Forward-looking statements are generally identifiable by the use of the words "may", "will", "should", "continue", "expect", "anticipate", "estimate", "believe", "intend", "plan" or "project" or the negative of these words or other variations on these words or comparable terminology. These statements, however, are subject to known and unknown risks, uncertainties and other factors that may cause the actual results, level of activity, performance or achievements of the Company to be materially different from those expressed, implied by or projected in the forward-looking information or statements. Important factors that could cause actual results to differ from these forward-looking statements include but are not limited to: risks related to the exploration and potential development of the Company's project, the actual results of current exploration activities, conclusions of economic evaluations, changes in project parameters as plans continue to be refined, future prices of gold, as well as those factors discussed in the sections relating to risk factors of the Company prospectus dated September 30, 2011 filed on SEDAR.

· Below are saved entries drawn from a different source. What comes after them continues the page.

(* Let $\tau\in(0,1)$, $(\beta,\gamma,\kappa,\upsilon,C_S,C_{\mathrm{App}})\in(0,1]\times(0,\infty)^2\times(0,1)\times[1,\infty)^2$. Let $P\in\mathcal P_{\mathrm{H\ddot ol}}(\beta,C_S)\cap\mathcal P_{\mathrm{App}}(\mathcal A_{\mathrm{rect}},\tau,\kappa,\gamma,C_{\mathrm{App}})$ be a distribution on $\mathbb R^d\times[0,1]$ with regression function $\eta$ and Lebesgue absolutely continuous marginal $\mu$ having a continuous density $f_\mu$. Suppose $\mathcal X_\tau(\eta)\subseteq\mathcal R_\upsilon(\mu)$, $\mu(\eta^{-1}((\tau,1]))>0$ and $\eta^{-1}(\{\tau\})\neq\emptyset$. Then $\beta\gamma(\kappa-1)\le d\kappa$.
   Context: $\eta(x)=\mathbb E(Y\mid X=x)$; $\mathcal X_c(f):=\{x:f(x)\ge c\}$; $\bar B_\infty,B_\infty$: closed/open sup-norm balls. $\mathcal P_{\mathrm{H\ddot ol}}(\beta,C_S)$ (for $\beta\in(0,1]$): $|\eta(x')-\eta(x)|\le C_S\|x'-x\|^\beta_\infty$ for all $x,x'$. $M_\tau:=\sup\{\mu(A):A\in\mathcal A_{\mathrm{rect}},A\subseteq\mathcal X_\tau(\eta)\}$, with $\mathcal A_{\mathrm{rect}}$ the compact axis-aligned hyper-rectangles. Lower density $\omega(x):=\inf_{r\in(0,1)}\mu(\bar B_\infty(x,r))/r^d$. $\mathcal P_{\mathrm{App}}(\mathcal A_{\mathrm{rect}},\tau,\kappa,\gamma,C_{\mathrm{App}})$: $\sup\{\mu(A):A\in\mathcal A_{\mathrm{rect}},A\subseteq\mathcal X_\xi(\omega)\cap\mathcal X_{\tau+\Delta}(\eta)\}\ge M_\tau-C_{\mathrm{App}}(\xi^\kappa+\Delta^\gamma)$ for all $\xi,\Delta>0$. $\mathcal R_\upsilon(\mu):=\bigcap_{r\in(0,1)}\{x:\mu(B_\infty(x,r))\ge\upsilon r^d\sup_{x'\in B_\infty(x,(1+\upsilon)r)}f_\mu(x')\}$. *)

theory Defs
  imports "HOL-Analysis.Analysis" "HOL-Probability.Probability"
begin

definition linf_dist :: "real^'d \<Rightarrow> real^'d \<Rightarrow> real" where
  "linf_dist x y = Max (range (\<lambda>i. \<bar>x$i - y$i\<bar>))"

definition cball_inf :: "real^'d \<Rightarrow> real \<Rightarrow> (real^'d) set" where
  "cball_inf x r = {y. linf_dist x y \<le> r}"

definition ball_inf :: "real^'d \<Rightarrow> real \<Rightarrow> (real^'d) set" where
  "ball_inf x r = {y. linf_dist x y < r}"

definition superlevel :: "('a \<Rightarrow> real) \<Rightarrow> real \<Rightarrow> 'a set" where
  "superlevel f c = {x. c \<le> f x}"

definition A_rect :: "(real^'d) set set" where
  "A_rect = {cbox a b | a b. \<forall>i. a$i \<le> b$i}"

text \<open>Largest measure of a rectangle inside a set (sup of empty family = 0).\<close>
definition rect_sup :: "(real^'d) measure \<Rightarrow> (real^'d) set \<Rightarrow> ennreal" where
  "rect_sup \<mu> S = Sup {emeasure \<mu> A | A. A \<in> A_rect \<and> A \<subseteq> S}"

definition M_tau :: "(real^'d) measure \<Rightarrow> (real^'d \<Rightarrow> real) \<Rightarrow> real \<Rightarrow> ennreal" where
  "M_tau \<mu> \<eta> \<tau> = rect_sup \<mu> (superlevel \<eta> \<tau>)"

definition lower_density :: "(real^'d) measure \<Rightarrow> real^'d \<Rightarrow> real" where
  "lower_density \<mu> x = (INF r\<in>{0<..<1}. measure \<mu> (cball_inf x r) / r ^ CARD('d))"

definition Hoelder_class :: "real \<Rightarrow> real \<Rightarrow> (real^'d \<Rightarrow> real) \<Rightarrow> bool" where
  "Hoelder_class \<beta> C_S \<eta> \<longleftrightarrow>
     (\<forall>x x'. \<bar>\<eta> x' - \<eta> x\<bar> \<le> C_S * linf_dist x' x powr \<beta>)"

definition App_class ::
  "(real^'d) measure \<Rightarrow> (real^'d \<Rightarrow> real) \<Rightarrow> real \<Rightarrow> real \<Rightarrow> real \<Rightarrow> real \<Rightarrow> bool" where
  "App_class \<mu> \<eta> \<tau> \<kappa> \<gamma> C_App \<longleftrightarrow>
     (\<forall>\<xi>>0. \<forall>\<Delta>>0.
        rect_sup \<mu> (superlevel (lower_density \<mu>) \<xi> \<inter> superlevel \<eta> (\<tau> + \<Delta>))
          \<ge> M_tau \<mu> \<eta> \<tau> - ennreal (C_App * (\<xi> powr \<kappa> + \<Delta> powr \<gamma>)))"

text \<open>The set R_upsilon(mu), given the density f of mu.\<close>
definition R_set :: "real \<Rightarrow> (real^'d) measure \<Rightarrow> (real^'d \<Rightarrow> real) \<Rightarrow> (real^'d) set" where
  "R_set \<upsilon> \<mu> f = (\<Inter>r\<in>{0<..<1}.
      {x. measure \<mu> (ball_inf x r)
            \<ge> \<upsilon> * r ^ CARD('d) * (SUP x'\<in>ball_inf x ((1 + \<upsilon>) * r). f x')})"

There can be no assurance that any forward-looking statements will prove to be accurate, as actual results and future events could differ materially from those anticipated in such statements. Accordingly, the reader should not place any undue reliance on forward-looking information or statements. Except as required by law, the Company does not intend to revise or update these forward-looking statements after the date of this document or to revise them to reflect the occurrence of future unanticipated events.

The TSX Venture Exchange has not reviewed and does not accept responsibility for the accuracy or adequacy of this release. Neither the TSX Venture Exchange nor its Regulation Service Provider (as that term is defined in the policies of the TSX Venture Exchange) accepts responsibility for the adequacy or accuracy of this release.